We compare the "AA", "RP" and "GR" one by one to the target "IRGRE", and find "GR" in the target sequence ("IR GR E"). Then we proceed to investigate whether the left overhang "GC" is also matched by the left amino acid "R" ("I R GRE"). There are six codons for the amino acid R, and one of them, CGC, matches the left overhang "GC" (C GC). This means that either the NotI recognition sequence (GCGGCCGC) is found in the original target protein TP53 or that one can create a recognition site in the target protein by using a few silent mutations. That is the solution. In this approach the computational complexity is O(n*3), so execution time falls dramatically. We chose Approach 2, which is more efficient, for implementation. Since we "translate" the object DNA pattern into an amino acid sequence and compare it to the target protein sequence, we call this algorithm Inverse Codon Replacement Pattern finder (ICRPfinder). The object pattern can be a restriction enzyme recognition sequence, or any other nucleic acid sequences of interest, such as promoter sequences.
ICRPfinder includes 2406 common restriction site patterns, and additional sequence patterns can be input by the user. All information regarding the restriction enzymes used in ICRPfinder was retrieved from REBASE  version 906.
Results and Discussion
The results are rendered graphically, and appear in text format if the target coding sequence is short or by zooming in on the results.

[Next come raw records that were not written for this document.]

definition efficient_images :: "(nat \<Rightarrow> nat list) \<Rightarrow> nat \<Rightarrow> nat \<Rightarrow> nat set set" where
  "efficient_images L m n = {\<pi> ` {1..m} | \<pi>. efficient L m n \<pi>}"

end

theory Submission
  imports Defs
begin

text \<open>Let \<open>k = \<lfloor>m/2\<rfloor>\<close>. Every agent \<open>i\<close> ranks the common objects \<open>1, \<dots>, k\<close> first, in
  the same order, and then its private object \<open>k + i\<close>. For each \<open>k\<close>-subset \<open>T\<close> of
  the agents, matching \<open>T\<close> bijectively onto the common objects and every other agent to its
  private object is efficient, and its image \<open>{1..k} \<union> {k + i | i \<notin> T}\<close> determines \<open>T\<close>.
  So there are at least \<open>m choose k\<close> efficient images, and
  \<open>m choose k \<ge> 2^m / (2 \<surd>m)\<close> follows by induction from
  \<open>(k + 1) (2k + 2 choose k + 1) = 2 (2k + 1) (2k choose k)\<close>.\<close>

lemma central_binomial_Suc:
  "Suc n * (2 * Suc n choose Suc n) = 2 * (2 * n + 1) * (2 * n choose n)"
proof -
  let ?B = "2 * n + 1 choose n"
  have D: "Suc n * (2 * Suc n choose Suc n) = (2 * n + 2) * ?B"
    using Suc_times_binomial[of n "2 * n + 1"] by simp
  have B: "Suc n * ?B = (2 * n + 1) * (2 * n choose n)"
    using Suc_times_binomial[of n "2 * n"] binomial_symmetric[of n "2 * n + 1"] by simp
  have "Suc n * (Suc n * (2 * Suc n choose Suc n)) = (2 * n + 2) * (Suc n * ?B)"
    unfolding D by (simp only: ac_simps)
  also have "\<dots> = Suc n * (2 * (2 * n + 1) * (2 * n choose n))"
    unfolding B by (simp add: algebra_simps)
  finally show ?thesis by (metis mult_left_cancel Suc_neq_Zero)
qed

Create unique patterns around a specific position
Performance benchmark for ICRPfinder, NEBCutter and WatCut
Details of searching
Response time (sec)
TP53 CDS (1182 bp)
Random CDS (12,000 bp)
Wild type, Silent mutation
Whole coding sequence
Wild type, Silent mutation
Whole coding sequence
Wild type, Silent mutation
246 (generic enzymes)
Whole coding sequence
Typical response times for ICRPfinder were under 1 second, while for NEBCutter the repose times were between 6 and 12 seconds. There could be two reasons why response times of NEBCutter are quite long compared to ICRPfinder. The first reason is the delay due to network transport. Although the server has excellent network connectivity, the transport latency can not be neglected. The second reason could be due to GUI rendering of results. The GUI rendering in NEBCutter is relatively slow as NEBCutter has to choose and display partial results according to the width of the display region. The NEBCutter response time also can vary depending on the number of results to be displayed. It appears that in the zoomed out display, NEBCutter only displays a fraction of the possible restriction enzyme cut sites, while ICRPfinder displays all the restriction sites. If NEBCutter were to display all the restriction sites, we can presume that the response time for NEBCutter would be even slower.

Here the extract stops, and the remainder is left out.